In the duke, my brother, to conduct us,
So early in the year, to this retreat.
Here we possess ourselves, here we may dream
Uninterrupted hours—dream ourselves back
Into the golden age which poets sing.
I love this Belriguardo; I have here
Pass'd many youthful, many happy days;
And the fresh green, and this bright sun, recall
The feelings of those times.
"Leonora. Yes, a new world
Surrounds us here. How it delights—the shade
Of leaves for ever green! how it revives—
The rushing of that brook! with giddy joy
The young boughs swing them in the morning air;
And from their beds the little friendly flowers
Look with the eye of childhood up to us.
The trustful gardener gives to the broad day
His winter store of oranges and citrons;
One wide blue sky rests over all; the snow
On the horizon, from the distant hills,
In light dissolving vapour steals away."
The conversation winds gracefully towards poetry and Tasso. We will answer at once the interesting question, whether the poet has represented Leonora d'Este, the princess, as being in love with Tasso. He has; and very delicately has he made her express this sentiment. From the moment when, doubtless thinking of the living poet, she twined the laurel wreath which she afterwards deposited on the brow of Virgil, to the last scene where she leads the unhappy Tasso to a fatal declaration of his passion, there is a gentle crescendo of what always remains, however, a very subdued and meditative affection. She loves—but like a princess; she muses over the danger to herself from suffering such a sentiment towards one in so different a rank of life to grow upon her; she never thinks of the danger to him, to the hapless Tasso, by her betrayal of an affection which she is yet resolved to keep within subjection. To be sure it may be said, that all women have something of the princess in them at this epoch of their lives. There is a wonderful selfishness in the heart, while it still asks itself whether it shall love or not. The sentiment of the princess is very elegantly disguised in the jesting vein in which she rallies Leonora Sanvitale—
"Leonora.—Your mind embraces wider regions; mine
Lingers content within the little isle,
And 'midst the laurel grove of poesy.
"Princess.—In which fair isle, in which sweet grove, they say,
The myrtle also flourishes. And though
There wander many muses there, we choose
Our friend and playmate not alone from them,
We rather greet the poet there himself,
Who seems indeed to shun us, seems to fly,
Seeking we know not what, and he himself
Perhaps as little knows. 'Tis pretty when,
In some propitious hour, the enraptured youth
Looking with better eyes, detects in us
The treasure he had been so far to seek.
"Leonora.—The jest is pleasant—touches, but not near.

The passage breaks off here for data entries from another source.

lemma labels_append_tl:
  "c1 \<noteq> [] \<Longrightarrow> c2 \<noteq> [] \<Longrightarrow> last c1 = hd c2 \<Longrightarrow>
    labels lab (c1 @ tl c2) = labels lab c1 @ labels lab c2"
proof (induction c1 rule: induct_list012)
  case (2 x)
  then show ?case by (cases c2) (auto simp: labels_singleton)
next
  case (3 x y zs)
  then show ?case by (simp add: labels_Cons_Cons)
qed simp

lemma set_append_tl: "c2 \<noteq> [] \<Longrightarrow> hd c2 \<in> set c1 \<Longrightarrow> set (c1 @ tl c2) = set c1 \<union> set c2"
  by (cases c2) auto

definition chain_segment :: "'b list \<Rightarrow> nat \<Rightarrow> nat \<Rightarrow> 'b list" where
  "chain_segment c a b = drop a (take (Suc b) c)"

lemma chain_segment:
  assumes "a \<le> b" "b < length c"
  shows "length (chain_segment c a b) = b - a + 1"
    and "\<And>j. j \<le> b - a \<Longrightarrow> chain_segment c a b ! j = c ! (a + j)"
  using assms by (simp_all add: chain_segment_def)

lemma labels_chain_segment:
  assumes "a \<le> b" "b < length c"
  shows "labels lab (chain_segment c a b) = drop a (take b (labels lab c))"
proof (rule nth_equalityI)
  show "length (labels lab (chain_segment c a b)) = length (drop a (take b (labels lab c)))"
    using assms by (simp add: length_labels chain_segment)
  fix j assume "j < length (labels lab (chain_segment c a b))"
  then have "j < b - a" using assms by (simp add: length_labels chain_segment)
  then show "labels lab (chain_segment c a b) ! j = drop a (take b (labels lab c)) ! j"
    using assms by (simp add: nth_labels length_labels chain_segment)
qed

section \<open>Maximal chains of a poset with an S_n EL-labeling\<close>

locale EL_poset =
  fixes P :: "'a set" and le :: "'a \<Rightarrow> 'a \<Rightarrow> bool" and rk :: "'a \<Rightarrow> nat"
    and zero one :: 'a and n :: nat and lab :: "'a \<Rightarrow> 'a \<Rightarrow> nat"
  assumes graded: "bounded_graded_poset P le rk zero one n"
    and rank_pos: "1 \<le> n"
    and EL: "Sn_EL_labeling P le zero one n lab"
begin

abbreviation MC :: "'a \<Rightarrow> 'a \<Rightarrow> 'a list set" where
  "MC \<equiv> max_chains P le"

abbreviation M :: "'a list set" where
  "M \<equiv> max_chains P le zero one"

lemma finite_P: "finite P"
  and poset_refl: "x \<in> P \<Longrightarrow> le x x"
  and poset_trans: "x \<in> P \<Longrightarrow> y \<in> P \<Longrightarrow> z \<in> P \<Longrightarrow> le x y \<Longrightarrow> le y z \<Longrightarrow> le x z"
  and one_in: "one \<in> P"
  and le_one: "x \<in> P \<Longrightarrow> le x one"
  and rk_zero: "rk zero = 0" and rk_one: "rk one = n"
  and rk_covers: "covers P le x y \<Longrightarrow> rk y = rk x + 1"
  using graded unfolding bounded_graded_poset_def by blast+

lemma increasing_chain_unique:
  "s \<in> P \<Longrightarrow> t \<in> P \<Longrightarrow> le s t \<Longrightarrow> \<exists>!c. c \<in> MC s t \<and> sorted (labels lab c)"
  using EL unfolding Sn_EL_labeling_def by blast

lemma increasing_chain_lex_least:
  "s \<in> P \<Longrightarrow> t \<in> P \<Longrightarrow> le s t \<Longrightarrow> c \<in> MC s t \<Longrightarrow> sorted (labels lab c) \<Longrightarrow>
    c' \<in> MC s t \<Longrightarrow> lexordp_eq (labels lab c) (labels lab c')"
  using EL unfolding Sn_EL_labeling_def by blast

lemma labels_perm: "m \<in> M \<Longrightarrow> mset (labels lab m) = mset [1..<n+1]"
  using EL unfolding Sn_EL_labeling_def by blast

lemma max_chains_iff:
  "c \<in> MC s t \<longleftrightarrow> c \<noteq> [] \<and> hd c = s \<and> last c = t \<and> set c \<subseteq> P \<and> successively (covers P le) c"
  by (simp add: max_chains_def successively_conv_nth)

lemma max_chainsD:
  assumes "c \<in> MC s t"
  shows "c \<noteq> []" "hd c = s" "last c = t" "set c \<subseteq> P"
    "\<And>j. Suc j < length c \<Longrightarrow> covers P le (c ! j) (c ! Suc j)"
  using assms unfolding max_chains_def by auto

lemma max_chain_nth_in: "c \<in> MC s t \<Longrightarrow> j < length c \<Longrightarrow> c ! j \<in> P"
  using max_chainsD(4) nth_mem by blast

lemma max_chain_first_last: "c \<in> MC s t \<Longrightarrow> c ! 0 = s \<and> c ! (length c - 1) = t"
  using max_chainsD(1-3) by (metis hd_conv_nth last_conv_nth)

lemma max_chain_rank:
  assumes "c \<in> MC s t"
  shows "j < length c \<Longrightarrow> rk (c ! j) = rk s + j"
proof (induction j)
  case 0
  then show ?case using max_chain_first_last[OF assms] by simp
next
  case (Suc j)
  then show ?case using max_chainsD(5)[OF assms, of j] rk_covers by auto
qed

lemma max_chain_length:
  assumes "c \<in> MC s t"
  shows "length c = rk t - rk s + 1" "rk s \<le> rk t"
proof -
  have "rk t = rk s + (length c - 1)"
    using max_chain_rank[OF assms, of "length c - 1"] max_chain_first_last[OF assms]
      max_chainsD(1)[OF assms] by simp
  then show "length c = rk t - rk s + 1" "rk s \<le> rk t"
    using max_chainsD(1)[OF assms] by auto
qed

lemma max_chain_le:
  assumes c: "c \<in> MC s t"
  shows "i \<le> j \<Longrightarrow> j < length c \<Longrightarrow> le (c ! i) (c ! j)"
proof (induction j)
  case 0
  then show ?case using max_chain_nth_in[OF c] poset_refl by auto
next
  case (Suc j)
  show ?case
  proof (cases "i = Suc j")
    case True
    then show ?thesis using max_chain_nth_in[OF c] Suc poset_refl by auto
  next
    case False
    then have "le (c ! i) (c ! j)" "le (c ! j) (c ! Suc j)"
      using Suc max_chainsD(5)[OF c, of j] by (auto simp: covers_def)
    moreover have "c ! i \<in> P" "c ! j \<in> P" "c ! Suc j \<in> P"
      using max_chain_nth_in[OF c] Suc False by auto
    ultimately show ?thesis using poset_trans by blast
  qed
qed

lemma max_chain_ends: "c \<in> MC s t \<Longrightarrow> s \<in> P \<and> t \<in> P \<and> le s t"
  using max_chain_first_last max_chain_nth_in max_chain_le max_chainsD(1)
  by (metis diff_less length_greater_0_conv less_one zero_le)

lemma max_chains_nonempty: "s \<in> P \<Longrightarrow> t \<in> P \<Longrightarrow> le s t \<Longrightarrow> MC s t \<noteq> {}"
  using increasing_chain_unique by blast

lemma rank_mono: "s \<in> P \<Longrightarrow> t \<in> P \<Longrightarrow> le s t \<Longrightarrow> rk s \<le> rk t"
  using max_chains_nonempty max_chain_length by blast

lemma rank_strict_mono:
  assumes "s \<in> P" "t \<in> P" "le s t" "s \<noteq> t"
  shows "rk s < rk t"
proof -
  obtain c where c: "c \<in> MC s t" using max_chains_nonempty assms by blast
  have "length c \<noteq> 1"
    using max_chain_first_last[OF c] assms(4) by auto
  then show ?thesis using max_chain_length[OF c] by auto
qed

lemma max_chains_append:
  assumes c1: "c1 \<in> MC s u" and c2: "c2 \<in> MC u t"
  shows "c1 @ tl c2 \<in> MC s t"
proof -
  obtain c2' where c2': "c2 = u # c2'"
    using max_chainsD(1,2)[OF c2] by (cases c2) auto
  have "successively (covers P le) (c1 @ c2')"
    using c1 c2 c2' unfolding max_chains_iff
    by (auto simp: successively_append_iff successively_Cons)
  moreover have "last (c1 @ c2') = t"
    using c1 c2 c2' unfolding max_chains_iff by (cases "c2' = []") auto
  ultimately show ?thesis
    using c1 c2 c2' unfolding max_chains_iff by auto
qed

lemma chain_segment_max_chains:
  assumes c: "c \<in> MC s t" and ab: "a \<le> b" "b < length c"
  shows "chain_segment c a b \<in> MC (c ! a) (c ! b)"
proof -
  note seg = chain_segment[OF ab]
  have "chain_segment c a b \<noteq> []" using seg(1) by auto
  moreover have "hd (chain_segment c a b) = c ! a" "last (chain_segment c a b) = c ! b"
    using seg ab calculation by (auto simp: hd_conv_nth last_conv_nth)
  moreover have "set (chain_segment c a b) \<subseteq> P"
    using max_chainsD(4)[OF c] unfolding chain_segment_def
    by (meson order.trans set_drop_subset set_take_subset)
  moreover have "covers P le (chain_segment c a b ! j) (chain_segment c a b ! Suc j)"
    if "Suc j < length (chain_segment c a b)" for j
    using that seg ab max_chainsD(5)[OF c, of "a + j"] by auto
  ultimately show ?thesis unfolding max_chains_def by blast
qed

lemma M_length: "m \<in> M \<Longrightarrow> length m = n + 1"
  using max_chain_length(1) rk_zero rk_one by fastforce

lemma M_rank: "m \<in> M \<Longrightarrow> j < length m \<Longrightarrow> rk (m ! j) = j"
  using max_chain_rank rk_zero by simp

lemma M_finite: "finite M"
proof -
  have "M \<subseteq> {xs. set xs \<subseteq> P \<and> length xs = n + 1}" using M_length max_chainsD(4) by blast
  then show ?thesis using finite_lists_length_eq[OF finite_P] finite_subset by blast
qed

lemma distinct_labels: "m \<in> M \<Longrightarrow> distinct (labels lab m)"
  using labels_perm mset_eq_imp_distinct_iff by (metis distinct_upt)

section \<open>The 0-Hecke operators on maximal chains\<close>

definition descents :: "'a list \<Rightarrow> nat set" where
  "descents m = list_descents (labels lab m)"

lemma descents_subset: "m \<in> M \<Longrightarrow> descents m \<subseteq> {1..<n}"
  by (auto simp: descents_def list_descents_def length_labels M_length)

lemma adjacent_labels_neq:
  assumes "m \<in> M" "0 < i" "i < n"
  shows "lab (m ! (i - 1)) (m ! i) \<noteq> lab (m ! i) (m ! Suc i)"
proof -
  have "labels lab m ! (i - 1) \<noteq> labels lab m ! i"
    using distinct_labels[OF assms(1)] M_length[OF assms(1)] assms(2,3)
    by (simp add: length_labels nth_eq_iff_index_eq)
  then show ?thesis using M_length[OF assms(1)] assms(2,3) by (simp add: nth_labels)
qed

lemma ascent_iff_not_descent:
  assumes "m \<in> M" "0 < i" "i < n"
  shows "lab (m ! (i - 1)) (m ! i) < lab (m ! i) (m ! Suc i) \<longleftrightarrow> i \<notin> descents m"
  using assms adjacent_labels_neq[OF assms] M_length[OF assms(1)]
  by (auto simp: descents_def list_descents_def length_labels nth_labels)

lemma window_max_chain:
  assumes "m \<in> M" "0 < i" "i < n"
  shows "[m ! (i - 1), m ! i, m ! Suc i] \<in> MC (m ! (i - 1)) (m ! Suc i)"
proof -
  have "covers P le (m ! (i - 1)) (m ! i)" "covers P le (m ! i) (m ! Suc i)"
    using max_chainsD(5)[OF assms(1), of "i - 1"] max_chainsD(5)[OF assms(1), of i]
      M_length[OF assms(1)] assms(2,3) by auto
  then show ?thesis by (auto simp: max_chains_iff covers_def)
qed

lemma rank_two_max_chain:
  assumes "c \<in> MC s t" "rk t = rk s + 2"
  shows "c = [s, c ! 1, t]"
proof -
  have "length c = 3" using max_chain_length(1)[OF assms(1)] assms(2) by simp
  then show ?thesis using max_chain_first_last[OF assms(1)]
    by (intro nth_equalityI) (auto simp: less_Suc_eq numeral_eq_Suc)
qed

lemma max_chain_update:
  assumes m: "m \<in> M" and i: "0 < i" "i < n"
    and cov: "covers P le (m ! (i - 1)) y" "covers P le y (m ! Suc i)"
  shows "m[i := y] \<in> M"
proof -
  note m_chain = max_chainsD[OF m]
  have len: "length m = n + 1" using M_length[OF m] .
  have "hd (m[i := y]) = zero" "last (m[i := y]) = one"
    using m_chain(1-3) len i by (auto simp: hd_conv_nth last_conv_nth nth_list_update)
  moreover have "set (m[i := y]) \<subseteq> P"
    using m_chain(4) cov set_update_subset_insert by (fastforce simp: covers_def)
  moreover have "covers P le (m[i := y] ! j) (m[i := y] ! Suc j)" if "Suc j < length (m[i := y])" for j
    using that m_chain(5)[of j] cov len i by (auto simp: nth_list_update)
  ultimately show ?thesis using m_chain(1) unfolding max_chains_def by auto
qed

definition ascent_variant :: "nat \<Rightarrow> 'a list \<Rightarrow> 'a list \<Rightarrow> bool" where
  "ascent_variant i m m' \<longleftrightarrow> m' \<in> M \<and> length m' = length m \<and> (\<forall>j. j \<noteq> i \<longrightarrow> m' ! j = m ! j) \<and>
     lab (m' ! (i - 1)) (m' ! i) < lab (m' ! i) (m' ! Suc i)"

lemma ascent_variant_window:
  assumes m: "m \<in> M" and i: "0 < i" "i < n" and v: "ascent_variant i m m'"
  shows "[m ! (i - 1), m' ! i, m ! Suc i] \<in> MC (m ! (i - 1)) (m ! Suc i)"
    and "sorted (labels lab [m ! (i - 1), m' ! i, m ! Suc i])"
proof -
  from v have m': "m' \<in> M" "m' ! (i - 1) = m ! (i - 1)" "m' ! Suc i = m ! Suc i"
    and asc: "lab (m' ! (i - 1)) (m' ! i) < lab (m' ! i) (m' ! Suc i)"
    unfolding ascent_variant_def using i by auto
  show "[m ! (i - 1), m' ! i, m ! Suc i] \<in> MC (m ! (i - 1)) (m ! Suc i)"
    using window_max_chain[OF m'(1) i] m'(2,3) by simp
  show "sorted (labels lab [m ! (i - 1), m' ! i, m ! Suc i])"
    using asc m'(2,3) by (simp add: labels_Cons_Cons labels_singleton)
qed
lemma card_meeting_both_ge:
  assumes "finite V" "B \<subseteq> V" "C \<subseteq> V" "B \<inter> C = {}" "card B = m" "card C = m" "3 \<le> m"
  shows "int m ^ 2 * int ((card V - 2) choose (m - 2))
       - 2 * int m ^ 2 * (int m - 1) * int ((card V - 3) choose (m - 3))
     \<le> int (card {Y. Y \<subseteq> V \<and> card Y = m \<and> Y \<inter> B \<noteq> {} \<and> Y \<inter> C \<noteq> {}})"
proof -
  let ?A = "\<lambda>b. {Y. Y \<subseteq> V \<and> card Y = m \<and> {b} \<subseteq> Y \<and> Y \<inter> C \<noteq> {}}"
  let ?c2 = "int ((card V - 2) choose (m - 2))"
  let ?c3 = "int ((card V - 3) choose (m - 3))"
  have "finite B" "finite C" using assms(1-3) finite_subset by blast+
  have family: "{Y. Y \<subseteq> V \<and> card Y = m \<and> Y \<inter> B \<noteq> {} \<and> Y \<inter> C \<noteq> {}} = (\<Union>b\<in>B. ?A b)"
    by blast
  have single: "int m * ?c2 - int m * (int m - 1) * ?c3 \<le> int (card (?A b))" if "b \<in> B" for b
  proof -
    have "int (card C) * int ((card V - card {b} - 1) choose (m - card {b} - 1))
        - int (card C) * (int (card C) - 1) * int ((card V - card {b} - 2) choose (m - card {b} - 2))
        \<le> int (card (?A b))"
      by (rule card_supersets_meeting_ge) (use that assms in auto)
    then show ?thesis using assms(6) by (simp add: diff_diff_add numeral_2_eq_2 numeral_3_eq_3)
  qed
  have pair: "int (card (?A b \<inter> ?A b')) \<le> int m * ?c3" if "b \<in> B" "b' \<in> B - {b}" for b b'
  proof -
    have "b \<in> V - C" "b' \<in> V - C" "b \<noteq> b'" using that assms(2,4) by auto
    have eq: "?A b \<inter> ?A b' = {Y. Y \<subseteq> V \<and> card Y = m \<and> {b, b'} \<subseteq> Y \<and> Y \<inter> C \<noteq> {}}"
      by blast
    have "card (?A b \<inter> ?A b') \<le> card C * ((card V - 3) choose (m - 3))"
      unfolding eq using \<open>b \<in> V - C\<close> \<open>b' \<in> V - C\<close> \<open>b \<noteq> b'\<close>
      by (rule card_supersets_pair_meeting_le[OF assms(1,3) _ _ _ assms(7)])
    then show ?thesis using assms(6) by (simp flip: of_nat_mult)
  qed
  have "(\<Sum>b\<in>B. int m * ?c2 - int m * (int m - 1) * ?c3) \<le> (\<Sum>b\<in>B. int (card (?A b)))"
    using single by (rule sum_mono)
  moreover have "(\<Sum>b\<in>B. \<Sum>b'\<in>B - {b}. int (card (?A b \<inter> ?A b'))) \<le> (\<Sum>b\<in>B. \<Sum>b'\<in>B - {b}. int m * ?c3)"
    using pair by (intro sum_mono)
  moreover have "(\<Sum>b\<in>B. \<Sum>b'\<in>B - {b}. int m * ?c3) = int m * ((int m - 1) * (int m * ?c3))"
  proof -
    have "int (card (B - {b})) = int m - 1" if "b \<in> B" for b
      using that \<open>finite B\<close> assms(5,7) by (simp add: of_nat_diff)
    then show ?thesis using assms(5) by simp
  qed
  ultimately show ?thesis
    using card_UN_ge_Bonferroni[of B ?A] \<open>finite B\<close> assms(1,5)
    unfolding family by (simp add: algebra_simps power2_eq_square)
qed
(* Let $s\in(0,1)$, $\mu$ a nonnegative finite measure on $S^{d-1}$, and $\Omega\subset\mathbb{R}^d$ a bounded domain. Let $u\in L^1(\Omega)\cap L^1(\mathbb{R}^d,\nu^\star(x)\,dx)$ satisfy $\int_{\mathbb{R}^d}u\,A_s\eta\,dx\le0$ for all nonnegative $\eta\in C_c^\infty(\Omega)$, and $u\le0$ a.e. on $\Omega^c$. Fix a radial function $\eta\in C_c^\infty(\mathbb{R}^d)$ with $\mathrm{supp}\,\eta=\overline{B_1(0)}$, $\eta\ge0$, $\|\eta\|_{L^1}=1$, and set $\eta_\varepsilon=\varepsilon^{-d}\eta(\cdot/\varepsilon)$. Then the mollification $u_\varepsilon=u*\eta_\varepsilon$ satisfies, pointwise, $A_su_\varepsilon\le0$ in $\Omega_\varepsilon$ and $u_\varepsilon\le0$ on $(\Omega^\varepsilon)^c$.
   Context: $A_s u(x)=\lim_{\kappa\to0+}\int_{\{|r|\ge\kappa\}}\int_{S^{d-1}}\frac{u(x)-u(x+r\theta)}{|r|^{1+2s}}\,\mu(d\theta)\,dr$. $\nu^\star(x)=\int_{\mathbb{R}}\int_{S^{d-1}}\mathbf{1}_\Omega(x+r\theta)(1+|r|)^{-1-2s}\,\mu(d\theta)\,dr$. $\Omega_\varepsilon=\{x\in\Omega:\mathrm{dist}(x,\partial\Omega)>\varepsilon\}$, $\Omega^\varepsilon=\{x\in\mathbb{R}^d:\mathrm{dist}(x,\Omega)<\varepsilon\}$. *)

theory Defs
  imports "HOL-Analysis.Analysis"
begin

fun Ck :: "nat \<Rightarrow> ('a::euclidean_space \<Rightarrow> real) \<Rightarrow> bool" where
  "Ck 0 f = continuous_on UNIV f"
| "Ck (Suc k) f = (f differentiable_on UNIV \<and>
      (\<forall>i\<in>Basis. Ck k (\<lambda>x. frechet_derivative f (at x) i)))"

definition C_inf :: "('a::euclidean_space \<Rightarrow> real) \<Rightarrow> bool" where
  "C_inf f \<longleftrightarrow> (\<forall>k. Ck k f)"

definition tsupp :: "('a::real_normed_vector \<Rightarrow> real) \<Rightarrow> 'a set" where
  "tsupp f = closure {x. f x \<noteq> 0}"
lemma qpow_of_int_power_period: "qpow n m (of_int j) ^ (m + n + 1) = 1"
proof -
  have "(of_nat (m + n + 1) :: complex) \<noteq> 0"
    by (metis add_eq_0_iff_both_eq_0 of_nat_eq_0_iff one_neq_zero)
  then have "of_nat (m + n + 1) * (2 * of_real pi * \<i> * of_real (of_int j) / of_nat (m + n + 1))
      = (2 * of_int j * pi * \<i> :: complex)"
    by simp
  then have "qpow n m (of_int j) ^ (m + n + 1) = exp (2 * of_int j * pi * \<i>)"
    unfolding qpow_def exp_of_nat_mult[symmetric] by metis
  then show ?thesis
    using exp_integer_2pi[of "of_int j"] by (simp add: mult_ac)
qed

lemma higher_deriv_sum:
  fixes f :: "'i \<Rightarrow> complex \<Rightarrow> complex"
  assumes "finite I" "\<And>i. i \<in> I \<Longrightarrow> f i holomorphic_on S" "open S" "z \<in> S"
  shows "(deriv ^^ p) (\<lambda>x. \<Sum>i\<in>I. c i * f i x) z = (\<Sum>i\<in>I. c i * (deriv ^^ p) (f i) z)"
  using assms
proof (induction I rule: finite_induct)
  case (insert a I)
  have "(deriv ^^ p) (\<lambda>x. c a * f a x + (\<Sum>i\<in>I. c i * f i x)) z
      = (deriv ^^ p) (\<lambda>x. c a * f a x) z + (deriv ^^ p) (\<lambda>x. \<Sum>i\<in>I. c i * f i x) z"
    using insert.prems by (intro higher_deriv_add) (auto intro!: holomorphic_intros)
  moreover have "(deriv ^^ p) (\<lambda>x. c a * f a x) z = c a * (deriv ^^ p) (f a) z"
    using insert.prems by (intro higher_deriv_cmult) auto
  ultimately show ?case
    using insert by simp
qed simp

lemma higher_deriv_cmult_compose_scale:
  fixes f :: "complex \<Rightarrow> complex"
  assumes "f holomorphic_on UNIV"
  shows "(deriv ^^ p) (\<lambda>z. A * f (z * w)) x = A * w ^ p * (deriv ^^ p) f (x * w)"
proof -
  have "(\<lambda>z. f (w * z)) holomorphic_on UNIV"
    using holomorphic_on_compose[of "\<lambda>z. w * z" UNIV f, unfolded o_def] assms
    by (auto intro: holomorphic_intros holomorphic_on_subset)
  then have "(deriv ^^ p) (\<lambda>z. A * f (w * z)) x = A * (deriv ^^ p) (\<lambda>z. f (w * z)) x"
    by (rule higher_deriv_cmult[OF _ UNIV_I open_UNIV])
  also have "(deriv ^^ p) (\<lambda>z. f (w * z)) x = w ^ p * (deriv ^^ p) f (w * x)"
    by (rule higher_deriv_compose_linear[OF assms open_UNIV open_UNIV UNIV_I]) auto
  finally show ?thesis
    by (simp add: mult.commute mult.assoc)
qed
section \<open>Split conformal calibration\<close>

lemma borel_measurable_measure_le_at:
  fixes s :: "'b \<Rightarrow> 'a \<Rightarrow> real"
  assumes "sigma_finite_measure P" and g: "g \<in> measurable M P"
    and s: "(\<lambda>z. s (fst z) (snd z)) \<in> borel_measurable (M \<Otimes>\<^sub>M P)"
  shows "(\<lambda>\<omega>. measure P {e \<in> space P. s \<omega> e \<le> s \<omega> (g \<omega>)}) \<in> borel_measurable M"
proof -
  let ?Q = "{z \<in> space (M \<Otimes>\<^sub>M P). s (fst z) (snd z) \<le> s (fst z) (g (fst z))}"
  have "(\<lambda>z. (fst z, g (fst z))) \<in> measurable (M \<Otimes>\<^sub>M P) (M \<Otimes>\<^sub>M P)"
    using g by measurable
  from measurable_compose[OF this s]
  have "(\<lambda>z. s (fst z) (g (fst z))) \<in> borel_measurable (M \<Otimes>\<^sub>M P)" by simp
  then have "?Q \<in> sets (M \<Otimes>\<^sub>M P)"
    using s by measurable
  then have "(\<lambda>\<omega>. enn2real (emeasure P (Pair \<omega> -` ?Q))) \<in> borel_measurable M"
    by (intro borel_measurable_enn2real sigma_finite_measure.measurable_emeasure_Pair[OF assms(1)])
  then show ?thesis
  proof (rule measurable_cong[THEN iffD1, rotated])
    fix \<omega> assume "\<omega> \<in> space M"
    then have "Pair \<omega> -` ?Q = {e \<in> space P. s \<omega> e \<le> s \<omega> (g \<omega>)}"
      by (auto simp: space_pair_measure)
    then show "enn2real (emeasure P (Pair \<omega> -` ?Q)) = measure P {e \<in> space P. s \<omega> e \<le> s \<omega> (g \<omega>)}"
      by (simp add: measure_def)
  qed
qed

I honour each man's merit; and to Tasso
Am barely just. His eye, that covets nothing,
Light ranges over all; his ear is fill'd
With the rich harmony great nature makes;
What ancient records, what the living scene,
Disclose, his open bosom takes it all;
What beams of truth stray scattered o'er this world,
His mind collects, converges. How his heart
Has animated the inanimate!
How oft ennobled what we little prize,
And shown how poor the treasures of the great!
In this enchanted circle of his own
Proceeds the wondrous man; and us he draws
Within, to follow and participate.
He seems to near us, yet he stays remote—
Seems to regard us, and regards instead
Some spirit that assumes our place the while.